RECORDS SUPPLIED
•••

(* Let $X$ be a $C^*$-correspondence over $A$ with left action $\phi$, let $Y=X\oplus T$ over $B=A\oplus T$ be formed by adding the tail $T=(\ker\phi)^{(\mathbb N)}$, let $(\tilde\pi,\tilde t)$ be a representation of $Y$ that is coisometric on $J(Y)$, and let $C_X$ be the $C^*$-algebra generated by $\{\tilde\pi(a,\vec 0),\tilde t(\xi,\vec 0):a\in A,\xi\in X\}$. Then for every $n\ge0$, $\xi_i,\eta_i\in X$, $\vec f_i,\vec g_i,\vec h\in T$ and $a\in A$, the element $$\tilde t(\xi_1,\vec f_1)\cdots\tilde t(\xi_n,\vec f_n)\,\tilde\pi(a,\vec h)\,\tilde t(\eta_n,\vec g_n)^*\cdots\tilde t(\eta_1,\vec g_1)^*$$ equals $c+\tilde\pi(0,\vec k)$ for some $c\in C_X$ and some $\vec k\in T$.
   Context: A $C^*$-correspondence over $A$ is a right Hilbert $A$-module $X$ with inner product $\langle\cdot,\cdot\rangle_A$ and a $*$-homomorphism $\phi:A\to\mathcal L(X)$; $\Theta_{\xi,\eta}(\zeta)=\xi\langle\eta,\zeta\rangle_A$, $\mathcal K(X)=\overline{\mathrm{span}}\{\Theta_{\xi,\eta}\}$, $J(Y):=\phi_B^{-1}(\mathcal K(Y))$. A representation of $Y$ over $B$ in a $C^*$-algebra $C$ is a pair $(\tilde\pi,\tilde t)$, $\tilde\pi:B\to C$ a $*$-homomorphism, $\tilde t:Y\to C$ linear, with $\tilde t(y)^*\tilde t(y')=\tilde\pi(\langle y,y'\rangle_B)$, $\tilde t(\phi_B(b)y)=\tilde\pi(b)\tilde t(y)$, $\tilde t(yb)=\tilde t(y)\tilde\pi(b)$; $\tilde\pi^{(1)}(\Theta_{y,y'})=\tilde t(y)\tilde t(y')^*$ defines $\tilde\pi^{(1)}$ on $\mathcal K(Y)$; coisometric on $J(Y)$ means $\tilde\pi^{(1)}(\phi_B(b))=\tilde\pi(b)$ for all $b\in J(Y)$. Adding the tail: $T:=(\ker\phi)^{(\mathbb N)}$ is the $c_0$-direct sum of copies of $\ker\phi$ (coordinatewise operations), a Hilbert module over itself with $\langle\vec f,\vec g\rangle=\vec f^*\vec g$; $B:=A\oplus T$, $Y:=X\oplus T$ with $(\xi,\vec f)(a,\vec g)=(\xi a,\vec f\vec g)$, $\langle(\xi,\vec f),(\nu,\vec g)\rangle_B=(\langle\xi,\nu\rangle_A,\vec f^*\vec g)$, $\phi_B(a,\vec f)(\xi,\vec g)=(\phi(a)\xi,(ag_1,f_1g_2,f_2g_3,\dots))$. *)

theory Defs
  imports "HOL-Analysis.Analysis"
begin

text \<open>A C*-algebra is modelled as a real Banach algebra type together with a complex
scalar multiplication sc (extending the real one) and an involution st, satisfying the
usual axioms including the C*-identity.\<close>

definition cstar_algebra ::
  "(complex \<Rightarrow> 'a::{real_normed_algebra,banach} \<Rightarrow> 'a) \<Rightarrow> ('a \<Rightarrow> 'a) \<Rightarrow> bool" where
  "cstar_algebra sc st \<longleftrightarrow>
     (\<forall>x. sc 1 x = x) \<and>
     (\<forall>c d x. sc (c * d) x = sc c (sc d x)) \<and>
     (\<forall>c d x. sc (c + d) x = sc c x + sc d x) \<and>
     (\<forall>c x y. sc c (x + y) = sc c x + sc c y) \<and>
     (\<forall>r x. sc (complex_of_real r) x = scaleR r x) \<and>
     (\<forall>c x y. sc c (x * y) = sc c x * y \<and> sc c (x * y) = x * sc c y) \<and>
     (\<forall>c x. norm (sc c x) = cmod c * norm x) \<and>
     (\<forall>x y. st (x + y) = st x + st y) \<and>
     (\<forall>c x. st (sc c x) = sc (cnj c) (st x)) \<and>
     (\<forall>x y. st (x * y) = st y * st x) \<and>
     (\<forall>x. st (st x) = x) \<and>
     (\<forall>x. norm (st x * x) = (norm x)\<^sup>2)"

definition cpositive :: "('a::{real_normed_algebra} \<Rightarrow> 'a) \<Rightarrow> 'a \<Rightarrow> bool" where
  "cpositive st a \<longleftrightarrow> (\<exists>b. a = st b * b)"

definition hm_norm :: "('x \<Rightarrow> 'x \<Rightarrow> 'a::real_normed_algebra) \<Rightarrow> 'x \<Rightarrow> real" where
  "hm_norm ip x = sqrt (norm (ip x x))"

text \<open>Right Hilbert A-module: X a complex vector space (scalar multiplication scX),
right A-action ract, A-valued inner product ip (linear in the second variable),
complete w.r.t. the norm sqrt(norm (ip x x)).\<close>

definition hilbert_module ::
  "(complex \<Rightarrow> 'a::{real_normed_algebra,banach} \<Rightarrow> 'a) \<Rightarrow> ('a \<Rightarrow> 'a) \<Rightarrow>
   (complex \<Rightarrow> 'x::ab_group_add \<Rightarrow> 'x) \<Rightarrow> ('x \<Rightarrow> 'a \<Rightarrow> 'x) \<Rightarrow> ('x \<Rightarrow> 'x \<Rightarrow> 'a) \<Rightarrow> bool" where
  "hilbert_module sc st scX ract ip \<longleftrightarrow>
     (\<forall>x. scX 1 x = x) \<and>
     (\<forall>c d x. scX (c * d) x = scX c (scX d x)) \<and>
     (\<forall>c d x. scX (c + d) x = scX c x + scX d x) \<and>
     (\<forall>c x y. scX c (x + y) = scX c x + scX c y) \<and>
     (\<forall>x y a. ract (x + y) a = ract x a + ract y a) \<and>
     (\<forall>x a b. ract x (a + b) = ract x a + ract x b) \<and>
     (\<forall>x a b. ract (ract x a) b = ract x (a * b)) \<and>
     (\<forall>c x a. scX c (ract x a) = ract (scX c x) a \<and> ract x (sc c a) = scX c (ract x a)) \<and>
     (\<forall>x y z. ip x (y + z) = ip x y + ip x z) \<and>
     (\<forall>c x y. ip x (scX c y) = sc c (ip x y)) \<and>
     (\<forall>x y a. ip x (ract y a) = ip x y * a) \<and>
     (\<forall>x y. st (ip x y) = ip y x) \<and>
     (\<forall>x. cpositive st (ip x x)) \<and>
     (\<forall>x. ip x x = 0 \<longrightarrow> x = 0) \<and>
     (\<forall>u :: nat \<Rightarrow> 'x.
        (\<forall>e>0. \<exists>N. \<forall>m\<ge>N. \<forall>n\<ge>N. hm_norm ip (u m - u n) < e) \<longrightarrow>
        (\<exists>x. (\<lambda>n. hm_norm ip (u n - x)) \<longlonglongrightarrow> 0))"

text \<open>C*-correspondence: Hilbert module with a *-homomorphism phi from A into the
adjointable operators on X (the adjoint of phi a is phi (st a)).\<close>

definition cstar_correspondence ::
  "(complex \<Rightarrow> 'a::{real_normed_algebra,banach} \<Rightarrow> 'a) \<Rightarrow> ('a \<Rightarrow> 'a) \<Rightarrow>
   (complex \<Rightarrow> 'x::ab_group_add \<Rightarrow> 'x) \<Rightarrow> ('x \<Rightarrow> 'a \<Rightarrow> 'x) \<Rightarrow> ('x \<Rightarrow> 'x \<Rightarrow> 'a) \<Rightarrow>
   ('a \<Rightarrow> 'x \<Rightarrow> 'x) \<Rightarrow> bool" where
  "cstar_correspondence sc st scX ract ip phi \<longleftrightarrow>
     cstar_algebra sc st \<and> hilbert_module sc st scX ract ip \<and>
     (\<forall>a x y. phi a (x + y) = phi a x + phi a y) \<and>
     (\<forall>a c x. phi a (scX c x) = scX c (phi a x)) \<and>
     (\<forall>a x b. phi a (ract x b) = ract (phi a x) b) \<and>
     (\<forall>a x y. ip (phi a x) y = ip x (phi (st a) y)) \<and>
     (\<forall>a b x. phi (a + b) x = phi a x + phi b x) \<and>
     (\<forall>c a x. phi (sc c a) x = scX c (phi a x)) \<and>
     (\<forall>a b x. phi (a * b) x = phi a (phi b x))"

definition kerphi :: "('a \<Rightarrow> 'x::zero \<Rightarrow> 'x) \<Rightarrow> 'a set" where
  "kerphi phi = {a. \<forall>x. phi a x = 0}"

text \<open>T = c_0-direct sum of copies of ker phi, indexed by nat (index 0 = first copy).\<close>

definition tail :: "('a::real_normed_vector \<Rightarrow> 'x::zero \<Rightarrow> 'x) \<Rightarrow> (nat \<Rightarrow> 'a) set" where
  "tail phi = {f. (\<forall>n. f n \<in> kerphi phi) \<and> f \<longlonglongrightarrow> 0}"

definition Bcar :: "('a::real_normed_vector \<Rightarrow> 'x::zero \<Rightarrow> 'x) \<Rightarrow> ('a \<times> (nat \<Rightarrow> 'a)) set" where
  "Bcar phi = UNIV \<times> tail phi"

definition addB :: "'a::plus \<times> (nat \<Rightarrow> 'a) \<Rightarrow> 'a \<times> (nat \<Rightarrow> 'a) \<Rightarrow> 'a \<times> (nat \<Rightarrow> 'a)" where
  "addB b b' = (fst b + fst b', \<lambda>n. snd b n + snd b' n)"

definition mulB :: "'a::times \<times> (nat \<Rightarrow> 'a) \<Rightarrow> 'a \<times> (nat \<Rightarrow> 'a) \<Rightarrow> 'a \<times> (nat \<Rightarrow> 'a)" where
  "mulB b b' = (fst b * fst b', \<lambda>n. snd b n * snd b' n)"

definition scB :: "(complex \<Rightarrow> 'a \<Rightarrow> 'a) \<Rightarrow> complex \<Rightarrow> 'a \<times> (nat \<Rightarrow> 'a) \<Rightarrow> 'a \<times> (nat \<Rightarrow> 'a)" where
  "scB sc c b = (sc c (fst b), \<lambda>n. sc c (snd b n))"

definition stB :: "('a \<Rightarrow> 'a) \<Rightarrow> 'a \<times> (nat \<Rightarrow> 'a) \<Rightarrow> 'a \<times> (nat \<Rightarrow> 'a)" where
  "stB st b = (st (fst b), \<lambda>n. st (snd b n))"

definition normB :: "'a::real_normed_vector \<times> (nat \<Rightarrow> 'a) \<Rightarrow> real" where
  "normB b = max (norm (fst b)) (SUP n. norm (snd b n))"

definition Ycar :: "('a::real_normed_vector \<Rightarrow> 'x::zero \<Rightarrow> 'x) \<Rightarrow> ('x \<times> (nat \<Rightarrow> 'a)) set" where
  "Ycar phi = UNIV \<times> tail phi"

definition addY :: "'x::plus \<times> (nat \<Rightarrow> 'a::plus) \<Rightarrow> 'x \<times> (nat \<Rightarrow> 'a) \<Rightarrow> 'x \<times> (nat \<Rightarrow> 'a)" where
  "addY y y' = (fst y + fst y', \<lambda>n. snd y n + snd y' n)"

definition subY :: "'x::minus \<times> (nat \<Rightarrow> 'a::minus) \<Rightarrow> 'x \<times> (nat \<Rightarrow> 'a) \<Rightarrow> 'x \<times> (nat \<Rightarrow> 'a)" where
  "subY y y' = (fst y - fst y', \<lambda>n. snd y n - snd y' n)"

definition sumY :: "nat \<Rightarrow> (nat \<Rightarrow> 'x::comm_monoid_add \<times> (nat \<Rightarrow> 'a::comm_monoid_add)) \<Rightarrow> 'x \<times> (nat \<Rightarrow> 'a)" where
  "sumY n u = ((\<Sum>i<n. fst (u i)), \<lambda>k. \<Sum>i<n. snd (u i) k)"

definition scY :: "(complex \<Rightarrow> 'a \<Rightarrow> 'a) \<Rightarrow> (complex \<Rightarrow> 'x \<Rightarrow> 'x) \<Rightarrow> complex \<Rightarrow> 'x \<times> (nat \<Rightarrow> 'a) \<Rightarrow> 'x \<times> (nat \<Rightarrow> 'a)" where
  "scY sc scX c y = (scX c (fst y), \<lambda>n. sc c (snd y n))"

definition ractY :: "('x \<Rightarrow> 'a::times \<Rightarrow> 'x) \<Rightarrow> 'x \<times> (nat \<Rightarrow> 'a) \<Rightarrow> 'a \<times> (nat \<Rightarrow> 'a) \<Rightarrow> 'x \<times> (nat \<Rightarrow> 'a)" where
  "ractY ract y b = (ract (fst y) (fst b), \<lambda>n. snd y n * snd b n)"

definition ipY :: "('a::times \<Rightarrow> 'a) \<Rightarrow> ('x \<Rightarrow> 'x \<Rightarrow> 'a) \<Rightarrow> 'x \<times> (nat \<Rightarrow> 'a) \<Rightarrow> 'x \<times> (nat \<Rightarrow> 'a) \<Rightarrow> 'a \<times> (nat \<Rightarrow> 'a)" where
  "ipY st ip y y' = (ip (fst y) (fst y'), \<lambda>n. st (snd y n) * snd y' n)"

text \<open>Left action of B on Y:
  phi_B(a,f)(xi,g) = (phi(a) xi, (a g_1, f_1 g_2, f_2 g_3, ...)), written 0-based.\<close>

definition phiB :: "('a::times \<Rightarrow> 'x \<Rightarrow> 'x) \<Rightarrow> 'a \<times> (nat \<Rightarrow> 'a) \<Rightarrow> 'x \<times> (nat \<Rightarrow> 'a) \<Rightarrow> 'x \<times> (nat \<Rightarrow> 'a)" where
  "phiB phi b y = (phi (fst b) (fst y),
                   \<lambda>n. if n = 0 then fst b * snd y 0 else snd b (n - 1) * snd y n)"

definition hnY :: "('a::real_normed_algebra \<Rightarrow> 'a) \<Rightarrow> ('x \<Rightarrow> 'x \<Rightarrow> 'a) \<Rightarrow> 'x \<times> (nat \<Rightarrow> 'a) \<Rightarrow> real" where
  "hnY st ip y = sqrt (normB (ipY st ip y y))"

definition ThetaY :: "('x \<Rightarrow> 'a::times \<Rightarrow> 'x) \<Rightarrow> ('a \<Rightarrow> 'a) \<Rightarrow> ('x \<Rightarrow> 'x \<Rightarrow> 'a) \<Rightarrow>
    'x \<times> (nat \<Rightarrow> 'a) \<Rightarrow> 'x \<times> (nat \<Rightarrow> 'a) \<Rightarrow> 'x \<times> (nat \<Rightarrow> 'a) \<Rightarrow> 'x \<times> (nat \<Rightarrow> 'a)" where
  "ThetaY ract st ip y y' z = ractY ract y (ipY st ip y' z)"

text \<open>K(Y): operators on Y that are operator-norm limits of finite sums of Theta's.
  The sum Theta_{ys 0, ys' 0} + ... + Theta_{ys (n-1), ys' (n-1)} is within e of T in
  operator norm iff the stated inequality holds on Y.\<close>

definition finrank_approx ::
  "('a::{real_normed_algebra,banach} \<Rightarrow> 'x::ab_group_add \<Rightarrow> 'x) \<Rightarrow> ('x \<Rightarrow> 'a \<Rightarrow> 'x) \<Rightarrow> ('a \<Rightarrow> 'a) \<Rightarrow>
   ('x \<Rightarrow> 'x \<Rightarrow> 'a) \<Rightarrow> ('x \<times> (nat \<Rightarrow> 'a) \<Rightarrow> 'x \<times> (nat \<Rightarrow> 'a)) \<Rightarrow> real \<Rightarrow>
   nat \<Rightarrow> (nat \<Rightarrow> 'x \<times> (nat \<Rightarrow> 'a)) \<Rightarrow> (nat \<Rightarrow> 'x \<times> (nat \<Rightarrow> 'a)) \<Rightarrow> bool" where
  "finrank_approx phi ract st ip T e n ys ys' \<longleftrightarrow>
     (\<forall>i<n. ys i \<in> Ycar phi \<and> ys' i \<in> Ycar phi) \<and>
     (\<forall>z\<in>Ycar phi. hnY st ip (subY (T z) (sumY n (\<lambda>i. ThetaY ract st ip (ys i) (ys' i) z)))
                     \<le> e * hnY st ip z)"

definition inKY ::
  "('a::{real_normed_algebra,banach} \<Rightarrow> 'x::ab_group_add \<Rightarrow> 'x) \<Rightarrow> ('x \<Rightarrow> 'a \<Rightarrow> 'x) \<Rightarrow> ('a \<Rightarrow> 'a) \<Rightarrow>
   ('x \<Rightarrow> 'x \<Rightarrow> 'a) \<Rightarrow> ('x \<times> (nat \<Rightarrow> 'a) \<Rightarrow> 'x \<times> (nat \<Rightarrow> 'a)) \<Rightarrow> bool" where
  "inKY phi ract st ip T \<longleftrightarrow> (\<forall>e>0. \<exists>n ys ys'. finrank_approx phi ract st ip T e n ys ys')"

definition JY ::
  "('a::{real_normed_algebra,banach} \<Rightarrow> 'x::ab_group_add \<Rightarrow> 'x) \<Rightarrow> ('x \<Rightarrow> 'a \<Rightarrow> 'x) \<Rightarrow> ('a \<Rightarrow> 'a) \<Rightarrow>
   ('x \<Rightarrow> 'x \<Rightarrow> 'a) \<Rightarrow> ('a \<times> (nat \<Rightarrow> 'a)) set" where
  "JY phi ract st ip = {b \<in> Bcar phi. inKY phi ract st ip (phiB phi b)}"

•••

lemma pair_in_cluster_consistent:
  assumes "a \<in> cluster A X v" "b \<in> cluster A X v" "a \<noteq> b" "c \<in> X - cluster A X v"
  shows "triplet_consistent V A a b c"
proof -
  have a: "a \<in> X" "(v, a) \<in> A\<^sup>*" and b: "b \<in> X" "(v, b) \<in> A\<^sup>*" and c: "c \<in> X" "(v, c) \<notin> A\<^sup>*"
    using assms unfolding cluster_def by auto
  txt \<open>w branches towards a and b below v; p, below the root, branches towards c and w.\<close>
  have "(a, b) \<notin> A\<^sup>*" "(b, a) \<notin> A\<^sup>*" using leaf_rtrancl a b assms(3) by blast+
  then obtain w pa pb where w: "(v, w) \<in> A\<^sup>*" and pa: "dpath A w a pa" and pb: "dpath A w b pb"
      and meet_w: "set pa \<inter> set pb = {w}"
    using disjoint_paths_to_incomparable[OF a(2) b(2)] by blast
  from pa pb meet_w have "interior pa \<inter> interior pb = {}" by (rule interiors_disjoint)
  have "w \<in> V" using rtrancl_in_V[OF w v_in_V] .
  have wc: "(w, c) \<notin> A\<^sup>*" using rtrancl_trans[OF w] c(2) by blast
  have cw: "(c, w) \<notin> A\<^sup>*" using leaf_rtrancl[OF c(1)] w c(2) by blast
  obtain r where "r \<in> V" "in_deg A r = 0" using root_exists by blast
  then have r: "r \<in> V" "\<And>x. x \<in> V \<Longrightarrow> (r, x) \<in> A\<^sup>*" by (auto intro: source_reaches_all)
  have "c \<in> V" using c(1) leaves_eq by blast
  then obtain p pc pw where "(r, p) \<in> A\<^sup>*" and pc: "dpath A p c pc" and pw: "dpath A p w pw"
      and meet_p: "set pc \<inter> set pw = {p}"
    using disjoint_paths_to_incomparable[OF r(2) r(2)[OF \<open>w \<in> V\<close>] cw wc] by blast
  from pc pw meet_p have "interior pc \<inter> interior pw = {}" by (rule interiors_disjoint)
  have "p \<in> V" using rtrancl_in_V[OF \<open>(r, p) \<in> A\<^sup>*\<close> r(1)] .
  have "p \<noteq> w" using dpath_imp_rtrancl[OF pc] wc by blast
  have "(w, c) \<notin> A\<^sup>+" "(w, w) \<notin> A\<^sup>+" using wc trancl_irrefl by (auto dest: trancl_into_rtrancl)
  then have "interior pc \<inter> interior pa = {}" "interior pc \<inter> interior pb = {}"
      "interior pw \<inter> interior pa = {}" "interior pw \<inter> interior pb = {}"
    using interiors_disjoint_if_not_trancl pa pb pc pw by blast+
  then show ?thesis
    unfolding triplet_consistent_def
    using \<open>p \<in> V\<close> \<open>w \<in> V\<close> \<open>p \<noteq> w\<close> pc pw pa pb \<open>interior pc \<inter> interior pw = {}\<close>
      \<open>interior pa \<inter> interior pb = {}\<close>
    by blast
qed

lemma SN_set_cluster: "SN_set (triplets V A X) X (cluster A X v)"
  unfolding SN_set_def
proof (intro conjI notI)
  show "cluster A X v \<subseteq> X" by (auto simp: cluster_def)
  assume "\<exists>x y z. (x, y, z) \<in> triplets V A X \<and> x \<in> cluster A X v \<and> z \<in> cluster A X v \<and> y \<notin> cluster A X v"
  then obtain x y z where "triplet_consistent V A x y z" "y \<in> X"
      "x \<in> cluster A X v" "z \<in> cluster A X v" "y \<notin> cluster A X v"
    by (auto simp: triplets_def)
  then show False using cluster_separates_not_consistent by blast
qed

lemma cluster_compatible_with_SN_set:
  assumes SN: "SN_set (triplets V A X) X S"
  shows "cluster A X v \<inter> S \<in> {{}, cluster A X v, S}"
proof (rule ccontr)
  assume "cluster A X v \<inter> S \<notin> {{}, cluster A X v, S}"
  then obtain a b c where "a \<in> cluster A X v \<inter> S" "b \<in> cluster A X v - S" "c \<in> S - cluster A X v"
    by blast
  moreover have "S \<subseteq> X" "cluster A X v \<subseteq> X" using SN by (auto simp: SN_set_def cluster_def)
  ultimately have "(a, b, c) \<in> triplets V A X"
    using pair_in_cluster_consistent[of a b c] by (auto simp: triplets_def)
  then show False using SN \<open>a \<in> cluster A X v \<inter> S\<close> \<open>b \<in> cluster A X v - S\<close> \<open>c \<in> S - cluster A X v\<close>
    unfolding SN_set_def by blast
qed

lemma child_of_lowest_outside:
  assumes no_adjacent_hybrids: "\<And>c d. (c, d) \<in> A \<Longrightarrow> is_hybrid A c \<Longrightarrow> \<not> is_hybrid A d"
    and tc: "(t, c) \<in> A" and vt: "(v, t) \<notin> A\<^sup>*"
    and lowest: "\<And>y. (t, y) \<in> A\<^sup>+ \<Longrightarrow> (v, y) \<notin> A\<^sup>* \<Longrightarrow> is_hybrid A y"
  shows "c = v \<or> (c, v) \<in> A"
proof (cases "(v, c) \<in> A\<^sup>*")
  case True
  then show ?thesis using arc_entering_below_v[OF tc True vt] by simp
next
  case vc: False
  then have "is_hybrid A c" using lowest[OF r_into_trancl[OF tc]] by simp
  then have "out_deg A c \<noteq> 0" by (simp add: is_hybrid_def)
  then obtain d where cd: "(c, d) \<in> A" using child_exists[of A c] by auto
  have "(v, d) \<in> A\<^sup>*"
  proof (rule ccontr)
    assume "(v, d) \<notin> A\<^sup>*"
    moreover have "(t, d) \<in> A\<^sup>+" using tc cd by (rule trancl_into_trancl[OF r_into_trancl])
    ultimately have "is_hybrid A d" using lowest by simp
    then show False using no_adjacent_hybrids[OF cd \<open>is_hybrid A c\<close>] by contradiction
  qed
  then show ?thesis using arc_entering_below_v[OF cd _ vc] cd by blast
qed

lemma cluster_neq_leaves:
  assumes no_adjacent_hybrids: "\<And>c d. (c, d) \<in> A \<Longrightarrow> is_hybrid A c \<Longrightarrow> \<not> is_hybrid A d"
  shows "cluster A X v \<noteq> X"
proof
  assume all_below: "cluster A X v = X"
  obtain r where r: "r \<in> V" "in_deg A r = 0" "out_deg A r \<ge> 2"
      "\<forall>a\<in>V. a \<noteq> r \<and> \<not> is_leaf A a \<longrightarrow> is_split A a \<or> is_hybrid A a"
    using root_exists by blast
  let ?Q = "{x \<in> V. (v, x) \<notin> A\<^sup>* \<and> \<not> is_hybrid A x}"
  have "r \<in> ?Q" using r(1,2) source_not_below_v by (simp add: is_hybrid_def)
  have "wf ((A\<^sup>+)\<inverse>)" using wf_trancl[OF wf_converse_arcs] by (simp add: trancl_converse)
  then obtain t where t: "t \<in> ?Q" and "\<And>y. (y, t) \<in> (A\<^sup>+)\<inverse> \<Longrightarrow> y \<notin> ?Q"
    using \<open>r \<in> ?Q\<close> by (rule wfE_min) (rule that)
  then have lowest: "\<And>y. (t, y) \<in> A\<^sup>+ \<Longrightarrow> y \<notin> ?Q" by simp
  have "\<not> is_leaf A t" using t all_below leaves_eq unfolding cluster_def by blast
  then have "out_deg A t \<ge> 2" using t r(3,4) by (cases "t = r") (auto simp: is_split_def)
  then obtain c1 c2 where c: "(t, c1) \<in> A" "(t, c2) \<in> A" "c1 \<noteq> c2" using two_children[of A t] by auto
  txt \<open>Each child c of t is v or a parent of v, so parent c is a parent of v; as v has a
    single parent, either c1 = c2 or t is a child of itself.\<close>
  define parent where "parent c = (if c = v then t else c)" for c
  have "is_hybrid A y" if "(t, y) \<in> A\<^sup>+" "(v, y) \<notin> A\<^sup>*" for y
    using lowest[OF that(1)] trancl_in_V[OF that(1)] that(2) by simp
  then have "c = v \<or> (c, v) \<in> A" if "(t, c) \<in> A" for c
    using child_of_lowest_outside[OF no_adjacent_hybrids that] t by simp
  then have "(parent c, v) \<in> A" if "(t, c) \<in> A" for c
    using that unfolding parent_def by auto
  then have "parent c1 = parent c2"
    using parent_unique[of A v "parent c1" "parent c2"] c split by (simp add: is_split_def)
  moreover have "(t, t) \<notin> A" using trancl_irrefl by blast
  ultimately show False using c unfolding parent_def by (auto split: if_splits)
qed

•••

EXERCISE REQUIREMENTS
Report every line containing the word "Bcar" from the listing above.

SOLUTION
definition Bcar :: "('a::real_normed_vector \<Rightarrow> 'x::zero \<Rightarrow> 'x) \<Rightarrow> ('a \<times> (nat \<Rightarrow> 'a)) set" where
  "Bcar phi = UNIV \<times> tail phi"
  "JY phi ract st ip = {b \<in> Bcar phi. inKY phi ract st ip (phiB phi b)}"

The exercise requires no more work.